The last two examples are notable: there is no WRDS table that directly maps CIK to Permno or CIK to NCusip. The package automatically finds the shortest path through intermediate identifiers (Permno → GVKey → CIK, in this case) and chains the conversions. You don’t need to know or care which tables are involved.

This works naturally with broadcasting and packages like DataFramesMeta.jl:

# Convert a column of Permnos to GVKeys
@rtransform(df, :gvkey = GVKey(Permno(:permno), :date))

# Or with plain broadcasting
GVKey.(Permno.([47896, 44206, 46703]), Date(2020))

Smart Linking

The package leverages Julia’s type system to handle some tricky edge cases automatically:

  • Parent-firm fallback: Identifiers are categorized as either firm identifiers (e.g., GVKey, Permco) or security identifiers (e.g., Permno, NCusip). When converting a security identifier to a firm identifier, if the exact security isn’t found, the package will try through the parent firm. For example, if an 8-character CUSIP isn’t in the link tables, but the corresponding 6-character firm CUSIP is, the conversion to a firm identifier still succeeds. This is especially useful when CUSIP data quality is imperfect.

  • Inexact date matching: If an identifier mapping has only one possible target but the date falls outside the recorded validity range, the package returns the match anyway (since it’s unambiguous). This can be disabled with allow_inexact_date=false.

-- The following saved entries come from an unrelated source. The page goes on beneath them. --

lemma polyfun_det:
  assumes "\<And>x. A x \<in> carrier_mat n n"
    and "\<And>i j. i < n \<Longrightarrow> j < n \<Longrightarrow> (\<lambda>x. A x $$ (i, j)) \<in> polyfun V"
  shows "(\<lambda>x. det (A x)) \<in> polyfun V"
proof -
  have "(\<lambda>x. det (A x))
      = (\<lambda>x. \<Sum>p\<in>{p. p permutes {0..<n}}. signof p * (\<Prod>i = 0..<n. A x $$ (i, p i)))"
    using det_def'[OF assms(1)] by auto
  also have "\<dots> \<in> polyfun V"
    using assms(2) permutes_in_image
    by (fastforce intro!: polyfun_sum polyfun_prod polyfun.pf_mult polyfun.pf_const
        simp: finite_permutations)
  finally show ?thesis .
qed

lemma polyfun_poly_in_var:
  assumes "f \<in> polyfun (insert v U)"
  shows "\<exists>P d. (\<forall>x. degree (P x) \<le> d) \<and> (\<forall>k. (\<lambda>x. coeff (P x) k) \<in> polyfun U)
           \<and> (\<forall>x. f x = poly (P x) (x v))"
  using assms
proof (induction f rule: polyfun.induct)
  case (pf_const c)
  show ?case
    by (intro exI[of _ "\<lambda>x. [:c:]"] exI[of _ 0]) (auto intro: polyfun.pf_const)
next
  case (pf_var w)
  show ?case
  proof (cases "w = v")
    case True
    have "(\<lambda>x. coeff [:0, 1:] k) \<in> polyfun U" for k :: nat
      by (rule polyfun.pf_const)
    then show ?thesis
      using True by (intro exI[of _ "\<lambda>x. [:0, 1:]"] exI[of _ 1]) auto
  next
    case False
    with pf_var have "(\<lambda>x. coeff [:x w:] k) \<in> polyfun U" for k
      by (cases k) (auto intro: polyfun.intros)
    then show ?thesis by (intro exI[of _ "\<lambda>x. [:x w:]"] exI[of _ 0]) auto
  qed
next
  case (pf_add p q)
  then obtain P d Q e where
    "\<forall>x. degree (P x) \<le> d" "\<forall>k. (\<lambda>x. coeff (P x) k) \<in> polyfun U" "\<forall>x. p x = poly (P x) (x v)"
    "\<forall>x. degree (Q x) \<le> e" "\<forall>k. (\<lambda>x. coeff (Q x) k) \<in> polyfun U" "\<forall>x. q x = poly (Q x) (x v)"
    by blast
  then show ?case
    by (intro exI[of _ "\<lambda>x. P x + Q x"] exI[of _ "max d e"])
      (auto intro!: polyfun.pf_add degree_add_le
        intro: order.trans[OF _ max.cobounded1] order.trans[OF _ max.cobounded2])
next
  case (pf_mult p q)
  then obtain P d Q e where
    "\<forall>x. degree (P x) \<le> d" "\<forall>k. (\<lambda>x. coeff (P x) k) \<in> polyfun U" "\<forall>x. p x = poly (P x) (x v)"
    "\<forall>x. degree (Q x) \<le> e" "\<forall>k. (\<lambda>x. coeff (Q x) k) \<in> polyfun U" "\<forall>x. q x = poly (Q x) (x v)"
    by blast
  then show ?case
    by (intro exI[of _ "\<lambda>x. P x * Q x"] exI[of _ "d + e"])
      (auto simp: coeff_mult intro!: polyfun_sum polyfun.pf_mult
        intro: order.trans[OF degree_mult_le add_mono])
qed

  • Path optimization: When multiple equally short paths exist between two identifiers, the package prefers routes through Permno, since it’s the best-connected hub in the WRDS identifier network.

Beyond Linking

The package also provides convenience functions for downloading data from CRSP and Compustat, Fama-French factors, database exploration tools (list_libraries, list_tables, describe_table), and a range_join function for inequality-based joins on date ranges. See the documentation for details.

What’s New in v0.7

  • CRSP V2 support: New generate_crsp_links_v2 function for the updated CRSP V2 tables
  • Parameterized CUSIP types: Cusip{:historical} and Cusip{:current} (with aliases NCusip and HdrCusip) replace the old unparameterized Cusip, making the historical vs. current distinction explicit
  • Faster loading: Added precompilation workloads for significant startup performance improvements (~50s to <20s in one project)
  • Documentation improvements: New pages on identifier types, default behavior, and DuckDB workflows

Getting Started

]add WRDSMerger

Note: This package requires a WRDS subscription to access data (most academic institutions provide one). It also supports working with locally saved data via DuckDB.

Disclaimer: This package has no affiliation with WRDS or Wharton. While it is tested, linking financial identifiers is inherently messy and results should be verified, especially for research that depends on accurate matches.

2 Likes